### TO DO
Nothing may be left out or changed. Print every entry.

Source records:
══════════

(* Let $h=0$, $\rho>0$ and $\varepsilon\in(-\frac{J\rho}2,0]$. Let $I\subset\Lambda$ be an index set of fixed size and $f:\mathbb{R}^{|I|}\to\mathbb{R}$ a bounded $1$-Lipschitz function with respect to $\|\cdot\|_2$. If $\varepsilon\in(-\frac{J\rho}2,0)$ and $\beta=\frac{1/J}{\rho+2\varepsilon/J}$, then \[ \langle f\circ P_I\rangle_{\mathrm{MC}}^{\varepsilon,\rho;N}=\langle f\circ P_I\rangle_{\mathrm{C}}^{\beta,\rho;N}+O(N^{-1/2}). \] If $\varepsilon=0$, then for every $\beta<\frac1{\rho J}$, \[ \langle f\circ P_I\rangle_{\mathrm{MC}}^{0,\rho;N}=\langle f\circ P_I\rangle_{\mathrm{C}}^{\beta,\rho;N}+O(N^{-1/2}). \]
   Context: Mean-field spherical model with $h=0$: $\phi\in\mathbb{R}^N$ ($N=|\Lambda|$ sites), $J>0$, $H[\phi]=-\frac J{2N}(\sum_x\phi_x)^2$; $P_I$ restricts to sites in $I$. For $|m|<\sqrt\rho$, $\mu_{\mathrm{MC}}^{m,\rho;N}$ is the normalized uniform surface measure on $\{\sum\phi_x=mN,\ \sum\phi_x^2=\rho N\}$. For $\varepsilon\in(-\frac{\rho J}2,0)$, $\mu_{\mathrm{MC}}^{\varepsilon,\rho;N}=\frac12\mu_{\mathrm{MC}}^{\sqrt{-2\varepsilon/J},\rho;N}+\frac12\mu_{\mathrm{MC}}^{-\sqrt{-2\varepsilon/J},\rho;N}$, and $\mu_{\mathrm{MC}}^{0,\rho;N}$ is the $m=0$ ensemble. With $Z_{\mathrm{MC}}(\varepsilon,\rho;N)=(\rho+\frac{2\varepsilon}J)^{(N-3)/2}/\sqrt{-2\varepsilon/J}$, the canonical ensemble is $\langle f\rangle_{\mathrm{C}}^{\beta,\rho;N}=\frac{\int_{-\rho J/2}^0d\varepsilon'\,e^{-\beta\varepsilon'N}Z_{\mathrm{MC}}(\varepsilon',\rho;N)\langle f\rangle_{\mathrm{MC}}^{\varepsilon',\rho;N}}{\int_{-\rho J/2}^0d\varepsilon'\,e^{-\beta\varepsilon'N}Z_{\mathrm{MC}}(\varepsilon',\rho;N)}$, $\beta\in\mathbb{R}$. *)

theory Defs
  imports "HOL-Analysis.Analysis" "HOL-Library.Landau_Symbols"
begin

══════════

### WRITTEN SOLUTION
(* Let $h=0$, $\rho>0$ and $\varepsilon\in(-\frac{J\rho}2,0]$. Let $I\subset\Lambda$ be an index set of fixed size and $f:\mathbb{R}^{|I|}\to\mathbb{R}$ a bounded $1$-Lipschitz function with respect to $\|\cdot\|_2$. If $\varepsilon\in(-\frac{J\rho}2,0)$ and $\beta=\frac{1/J}{\rho+2\varepsilon/J}$, then \[ \langle f\circ P_I\rangle_{\mathrm{MC}}^{\varepsilon,\rho;N}=\langle f\circ P_I\rangle_{\mathrm{C}}^{\beta,\rho;N}+O(N^{-1/2}). \] If $\varepsilon=0$, then for every $\beta<\frac1{\rho J}$, \[ \langle f\circ P_I\rangle_{\mathrm{MC}}^{0,\rho;N}=\langle f\circ P_I\rangle_{\mathrm{C}}^{\beta,\rho;N}+O(N^{-1/2}). \]
   Context: Mean-field spherical model with $h=0$: $\phi\in\mathbb{R}^N$ ($N=|\Lambda|$ sites), $J>0$, $H[\phi]=-\frac J{2N}(\sum_x\phi_x)^2$; $P_I$ restricts to sites in $I$. For $|m|<\sqrt\rho$, $\mu_{\mathrm{MC}}^{m,\rho;N}$ is the normalized uniform surface measure on $\{\sum\phi_x=mN,\ \sum\phi_x^2=\rho N\}$. For $\varepsilon\in(-\frac{\rho J}2,0)$, $\mu_{\mathrm{MC}}^{\varepsilon,\rho;N}=\frac12\mu_{\mathrm{MC}}^{\sqrt{-2\varepsilon/J},\rho;N}+\frac12\mu_{\mathrm{MC}}^{-\sqrt{-2\varepsilon/J},\rho;N}$, and $\mu_{\mathrm{MC}}^{0,\rho;N}$ is the $m=0$ ensemble. With $Z_{\mathrm{MC}}(\varepsilon,\rho;N)=(\rho+\frac{2\varepsilon}J)^{(N-3)/2}/\sqrt{-2\varepsilon/J}$, the canonical ensemble is $\langle f\rangle_{\mathrm{C}}^{\beta,\rho;N}=\frac{\int_{-\rho J/2}^0d\varepsilon'\,e^{-\beta\varepsilon'N}Z_{\mathrm{MC}}(\varepsilon',\rho;N)\langle f\rangle_{\mathrm{MC}}^{\varepsilon',\rho;N}}{\int_{-\rho J/2}^0d\varepsilon'\,e^{-\beta\varepsilon'N}Z_{\mathrm{MC}}(\varepsilon',\rho;N)}$, $\beta\in\mathbb{R}$. *)

theory Defs
  imports "HOL-Analysis.Analysis" "HOL-Library.Landau_Symbols"
begin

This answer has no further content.